- **Activity**
Look through the entries for the line containing "k \<omega> \<noteq>". Then output that line and every line after it, exactly, to the end.

- **Extracted entries**
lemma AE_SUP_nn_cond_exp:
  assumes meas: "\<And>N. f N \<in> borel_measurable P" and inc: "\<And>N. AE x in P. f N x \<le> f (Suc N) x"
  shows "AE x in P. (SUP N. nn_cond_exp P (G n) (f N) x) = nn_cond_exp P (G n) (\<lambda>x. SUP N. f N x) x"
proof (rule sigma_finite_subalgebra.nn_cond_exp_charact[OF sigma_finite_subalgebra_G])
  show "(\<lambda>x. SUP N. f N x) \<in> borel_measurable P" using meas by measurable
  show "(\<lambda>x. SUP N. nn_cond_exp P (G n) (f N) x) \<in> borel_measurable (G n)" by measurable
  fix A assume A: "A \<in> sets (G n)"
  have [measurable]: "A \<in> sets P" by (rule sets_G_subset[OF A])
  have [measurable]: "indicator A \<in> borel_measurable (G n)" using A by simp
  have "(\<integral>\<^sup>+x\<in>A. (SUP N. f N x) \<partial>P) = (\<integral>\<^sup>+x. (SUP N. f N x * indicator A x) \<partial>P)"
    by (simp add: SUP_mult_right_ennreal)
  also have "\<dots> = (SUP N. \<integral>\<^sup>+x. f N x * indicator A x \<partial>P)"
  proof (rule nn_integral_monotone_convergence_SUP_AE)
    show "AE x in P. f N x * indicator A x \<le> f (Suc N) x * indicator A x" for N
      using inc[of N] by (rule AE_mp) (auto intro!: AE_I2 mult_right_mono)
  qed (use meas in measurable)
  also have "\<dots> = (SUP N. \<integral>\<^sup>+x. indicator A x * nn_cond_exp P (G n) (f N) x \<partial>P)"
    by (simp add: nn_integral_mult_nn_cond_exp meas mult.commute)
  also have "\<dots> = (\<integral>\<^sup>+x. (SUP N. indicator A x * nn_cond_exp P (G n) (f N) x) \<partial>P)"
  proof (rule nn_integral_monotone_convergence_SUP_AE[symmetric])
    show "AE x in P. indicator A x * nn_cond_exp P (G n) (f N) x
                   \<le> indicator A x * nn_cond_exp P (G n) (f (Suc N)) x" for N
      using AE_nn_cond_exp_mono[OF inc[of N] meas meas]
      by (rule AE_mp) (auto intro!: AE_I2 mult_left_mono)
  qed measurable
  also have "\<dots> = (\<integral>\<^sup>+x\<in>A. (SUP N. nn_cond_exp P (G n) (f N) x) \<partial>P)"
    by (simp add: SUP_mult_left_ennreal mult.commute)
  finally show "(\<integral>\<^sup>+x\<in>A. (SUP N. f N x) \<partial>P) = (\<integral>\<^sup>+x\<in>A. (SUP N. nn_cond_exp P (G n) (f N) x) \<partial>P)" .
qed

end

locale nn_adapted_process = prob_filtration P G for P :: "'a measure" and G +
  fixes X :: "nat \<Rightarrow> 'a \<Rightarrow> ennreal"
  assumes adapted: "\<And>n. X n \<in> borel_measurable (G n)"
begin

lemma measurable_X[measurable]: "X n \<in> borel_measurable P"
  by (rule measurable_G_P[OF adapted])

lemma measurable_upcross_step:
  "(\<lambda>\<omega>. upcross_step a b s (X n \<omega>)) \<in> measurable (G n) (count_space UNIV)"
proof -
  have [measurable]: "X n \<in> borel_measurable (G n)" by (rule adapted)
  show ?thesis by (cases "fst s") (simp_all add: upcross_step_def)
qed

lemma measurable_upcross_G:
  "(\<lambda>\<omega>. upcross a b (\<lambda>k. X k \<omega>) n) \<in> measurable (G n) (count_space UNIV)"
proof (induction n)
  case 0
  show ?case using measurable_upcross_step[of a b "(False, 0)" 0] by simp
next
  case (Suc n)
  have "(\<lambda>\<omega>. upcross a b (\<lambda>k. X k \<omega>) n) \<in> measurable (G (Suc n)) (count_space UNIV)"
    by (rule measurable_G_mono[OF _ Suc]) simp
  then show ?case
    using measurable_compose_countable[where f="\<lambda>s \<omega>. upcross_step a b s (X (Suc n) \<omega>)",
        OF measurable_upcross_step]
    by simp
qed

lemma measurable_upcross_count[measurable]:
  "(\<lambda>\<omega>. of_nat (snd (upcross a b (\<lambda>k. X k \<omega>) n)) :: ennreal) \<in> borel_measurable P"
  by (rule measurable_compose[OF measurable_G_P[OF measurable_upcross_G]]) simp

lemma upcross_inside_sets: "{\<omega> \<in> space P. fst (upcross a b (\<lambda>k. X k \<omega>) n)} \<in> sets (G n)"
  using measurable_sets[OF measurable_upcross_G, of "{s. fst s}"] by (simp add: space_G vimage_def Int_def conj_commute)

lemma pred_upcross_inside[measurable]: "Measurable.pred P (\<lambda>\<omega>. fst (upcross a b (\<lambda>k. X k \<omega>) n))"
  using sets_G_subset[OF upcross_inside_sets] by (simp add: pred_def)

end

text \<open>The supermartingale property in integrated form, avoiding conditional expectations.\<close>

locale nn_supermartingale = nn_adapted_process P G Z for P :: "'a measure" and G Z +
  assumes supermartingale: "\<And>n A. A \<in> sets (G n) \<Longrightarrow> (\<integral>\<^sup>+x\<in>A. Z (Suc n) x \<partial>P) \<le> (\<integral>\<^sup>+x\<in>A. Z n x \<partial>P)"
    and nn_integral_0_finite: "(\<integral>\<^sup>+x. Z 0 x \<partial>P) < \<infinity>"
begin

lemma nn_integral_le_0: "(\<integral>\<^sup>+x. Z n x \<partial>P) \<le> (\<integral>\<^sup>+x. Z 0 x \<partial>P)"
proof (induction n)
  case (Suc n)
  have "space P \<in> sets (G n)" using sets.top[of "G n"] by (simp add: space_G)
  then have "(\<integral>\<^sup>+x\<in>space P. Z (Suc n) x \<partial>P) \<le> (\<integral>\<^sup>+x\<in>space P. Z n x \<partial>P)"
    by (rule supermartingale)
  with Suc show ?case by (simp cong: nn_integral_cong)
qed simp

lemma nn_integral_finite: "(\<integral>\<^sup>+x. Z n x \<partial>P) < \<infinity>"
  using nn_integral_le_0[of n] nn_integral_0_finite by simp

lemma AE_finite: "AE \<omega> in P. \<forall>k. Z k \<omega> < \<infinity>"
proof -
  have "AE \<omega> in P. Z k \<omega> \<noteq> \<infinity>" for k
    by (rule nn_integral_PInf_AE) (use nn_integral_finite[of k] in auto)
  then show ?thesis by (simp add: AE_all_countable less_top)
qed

- **Reply to the task**
  have "AE \<omega> in P. Z k \<omega> \<noteq> \<infinity>" for k
    by (rule nn_integral_PInf_AE) (use nn_integral_finite[of k] in auto)
  then show ?thesis by (simp add: AE_all_countable less_top)
qed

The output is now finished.